ГАВРИИЛ ЖУЛЕВ

Биографическая статья

Гавриил Николаевич Жулев, младший брат известной драматической артистки Е. Н. Жулевой, родился 5 июля 1834 г. в сельце Спасском Бронницкого уезда Московской губернии, в семье Поликарпа Васильевича Жулева, дворового человека помещика H. М. Смирнова. Ему еще не исполнилось тринадцати лет, когда он, весною 1847 г., был отпущен на волю[126]. Есть некоторые основания полагать, что он был незаконнорожденным сыном помещика.
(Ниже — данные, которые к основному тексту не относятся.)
(* Let $t,t':V\to\mathbb{R}_{\ge0}$ be fingerprints with $t_v\le t'_v$ for all $v\in V$. Then at every time $\tau\ge0$: (i) every active component in shadow moat growing on $(G,t)$ is contained in some active component of shadow moat growing on $(G,t')$ at the same time $\tau$; and (ii) every component (active or not) of the run on $(G,t)$ at time $\tau$ is contained in some component of the run on $(G,t')$ at time $\tau$.
   Context: $G=(V,E,c)$ is an undirected graph with edge costs $c:E\to\mathbb{R}_{\ge0}$; $\delta(S)$ denotes the edges with exactly one endpoint in $S$. Shadow moat growing on $(G,t)$, for a fingerprint $t:V\to\mathbb{R}_{\ge0}$: a continuous process in time $\tau\ge0$ maintaining a forest $F$ (initially empty), the components of $(V,F)$, and values $y_S\ge0$ ($S\subseteq V$, initially $0$). At time $\tau$ a component $C$ is active iff it contains $w$ with $t_w>\tau$; each active component $C$ increases $y_C$ at rate $1$. When an edge $e$ between different components satisfies $\sum_{S:e\in\delta(S)}y_S=c_e$ it is added to $F$ and the components merge (ties processed one at a time by a fixed rule). The process stops when no component is active; the components and active components "at time $\tau$" are those after all merges and deactivations occurring at time $\tau$. *)

theory Defs
  imports "HOL-Analysis.Analysis"
begin

text \<open>A run of shadow moat growing is described by the family P of its components:
P tau is the set of components (after all merges at time tau).\<close>

definition wf_graph :: "'v set \<Rightarrow> 'v set set \<Rightarrow> ('v set \<Rightarrow> real) \<Rightarrow> bool" where
  "wf_graph V E c \<longleftrightarrow> finite V \<and> (\<forall>e\<in>E. e \<subseteq> V \<and> card e = 2 \<and> c e \<ge> 0)"

definition cuts :: "'v set \<Rightarrow> 'v set \<Rightarrow> bool" where
  "cuts S e \<longleftrightarrow> card (e \<inter> S) = 1"

definition active_at :: "('v \<Rightarrow> real) \<Rightarrow> real \<Rightarrow> 'v set \<Rightarrow> bool" where
  "active_at t \<tau> C \<longleftrightarrow> (\<exists>w\<in>C. t w > \<tau>)"

definition yval :: "(real \<Rightarrow> 'v set set) \<Rightarrow> ('v \<Rightarrow> real) \<Rightarrow> 'v set \<Rightarrow> real \<Rightarrow> real" where
  "yval P t S \<tau> = integral {0..\<tau>} (\<lambda>s. if S \<in> P s \<and> active_at t s S then 1 else 0)"

definition load :: "'v set \<Rightarrow> (real \<Rightarrow> 'v set set) \<Rightarrow> ('v \<Rightarrow> real) \<Rightarrow> 'v set \<Rightarrow> real \<Rightarrow> real" where
  "load V P t e \<tau> = (\<Sum>S | S \<subseteq> V \<and> cuts S e. yval P t S \<tau>)"

definition components :: "'v set \<Rightarrow> 'v set set \<Rightarrow> 'v set set" where
  "components V F = {{w \<in> V. (v, w) \<in> {(a, b). {a, b} \<in> F}\<^sup>*} | v. v \<in> V}"

text \<open>P is the (component trajectory of the) run of shadow moat growing on (G,t):
at every time tau >= 0 the components are exactly the connected components of the graph of
tight edges (the forest F consists of tight edges, and every tight edge lies inside a
component); components only coarsen over time.\<close>
definition shadow_run ::
  "'v set \<Rightarrow> 'v set set \<Rightarrow> ('v set \<Rightarrow> real) \<Rightarrow> ('v \<Rightarrow> real) \<Rightarrow> (real \<Rightarrow> 'v set set) \<Rightarrow> bool" where
  "shadow_run V E c t P \<longleftrightarrow>
     (\<forall>\<tau>\<ge>0. P \<tau> = components V {e \<in> E. load V P t e \<tau> \<ge> c e}) \<and>
     (\<forall>s \<tau>. 0 \<le> s \<and> s \<le> \<tau> \<longrightarrow> (\<forall>C\<in>P s. \<exists>D\<in>P \<tau>. C \<subseteq> D))"

end

theory Submission
  imports Defs
begin

text \<open>The proof is a real induction on time. Suppose the run for \<open>t\<close> refines the run for \<open>t'\<close> at
all times before \<open>\<tau>\<close>, and let \<open>{a, b}\<close> be tight at \<open>\<tau>\<close> in the run for \<open>t\<close>. If \<open>a\<close> and \<open>b\<close>
were in different components of the run for \<open>t'\<close> at \<open>\<tau>\<close>, they would be separated there during
all of \<open>[0, \<tau>]\<close>. Sending every active moat of the run for \<open>t\<close> that separates \<open>a\<close> from \<open>b\<close> to
the component of the run for \<open>t'\<close> containing it is then injective, and lands in active moats
separating \<open>a\<close> from \<open>b\<close> because \<open>t \<le> t'\<close>. So the load of \<open>{a, b}\<close> grows at least as fast in
the run for \<open>t'\<close>, and the edge is tight there as well. The induction passes each time because
loads are nondecreasing and Lipschitz, so components stay constant for a while to the right.\<close>

section \<open>Connected components\<close>

abbreviation edge_rel :: "'v set set \<Rightarrow> ('v \<times> 'v) set" where
  "edge_rel F \<equiv> {(a, b). {a, b} \<in> F}"

lemma sym_edge_rel: "sym (edge_rel F)"
  by (auto simp: sym_def insert_commute)

lemma edge_rel_rtrancl_sym: "(a, b) \<in> (edge_rel F)\<^sup>* \<Longrightarrow> (b, a) \<in> (edge_rel F)\<^sup>*"
  using sym_rtrancl[OF sym_edge_rel] by (rule symD)

lemma components_subset: "C \<in> components V F \<Longrightarrow> C \<subseteq> V"
  unfolding components_def by auto

lemma components_connected:
  assumes "C \<in> components V F" "a \<in> C" "b \<in> C"
  shows "(a, b) \<in> (edge_rel F)\<^sup>*"
proof -
  obtain v where "C = {w \<in> V. (v, w) \<in> (edge_rel F)\<^sup>*}"
    using assms(1) unfolding components_def by auto
  then have "(v, a) \<in> (edge_rel F)\<^sup>*" "(v, b) \<in> (edge_rel F)\<^sup>*"
    using assms(2,3) by auto
  then show ?thesis by (rule rtrancl_trans[OF edge_rel_rtrancl_sym])
qed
Жулев был одновременно и поэтом, и артистом. Окончив в начале 1850-х годов петербургское театральное училище, Жулев в 1853 г. дебютировал на сцене Александринского театра[127] и много лет, до 1875 г., состоял в его труппе[128]. «Помню, что Жулев превосходно играл прогорелого купеческого сынка Перетычкина в комедии Красовского „Жених из Ножовой линии“, — читаем в воспоминаниях современника. — Он подавал большие надежды на сцене, но его затер режиссер Е. И. Воронов, долго властвовавший в Александринском театре» [129]. Воронов и начальник репертуарной части петербургских императорских театров водевилист П. С. Федоров, самодур и взяточник, которого неизменно преследовали искровцы под кличкой «Губошлеп», особенно невзлюбили Жулева за то, что он сотрудничал в «Искре» и информировал редакцию журнала о закулисных тайнах и интригах[130].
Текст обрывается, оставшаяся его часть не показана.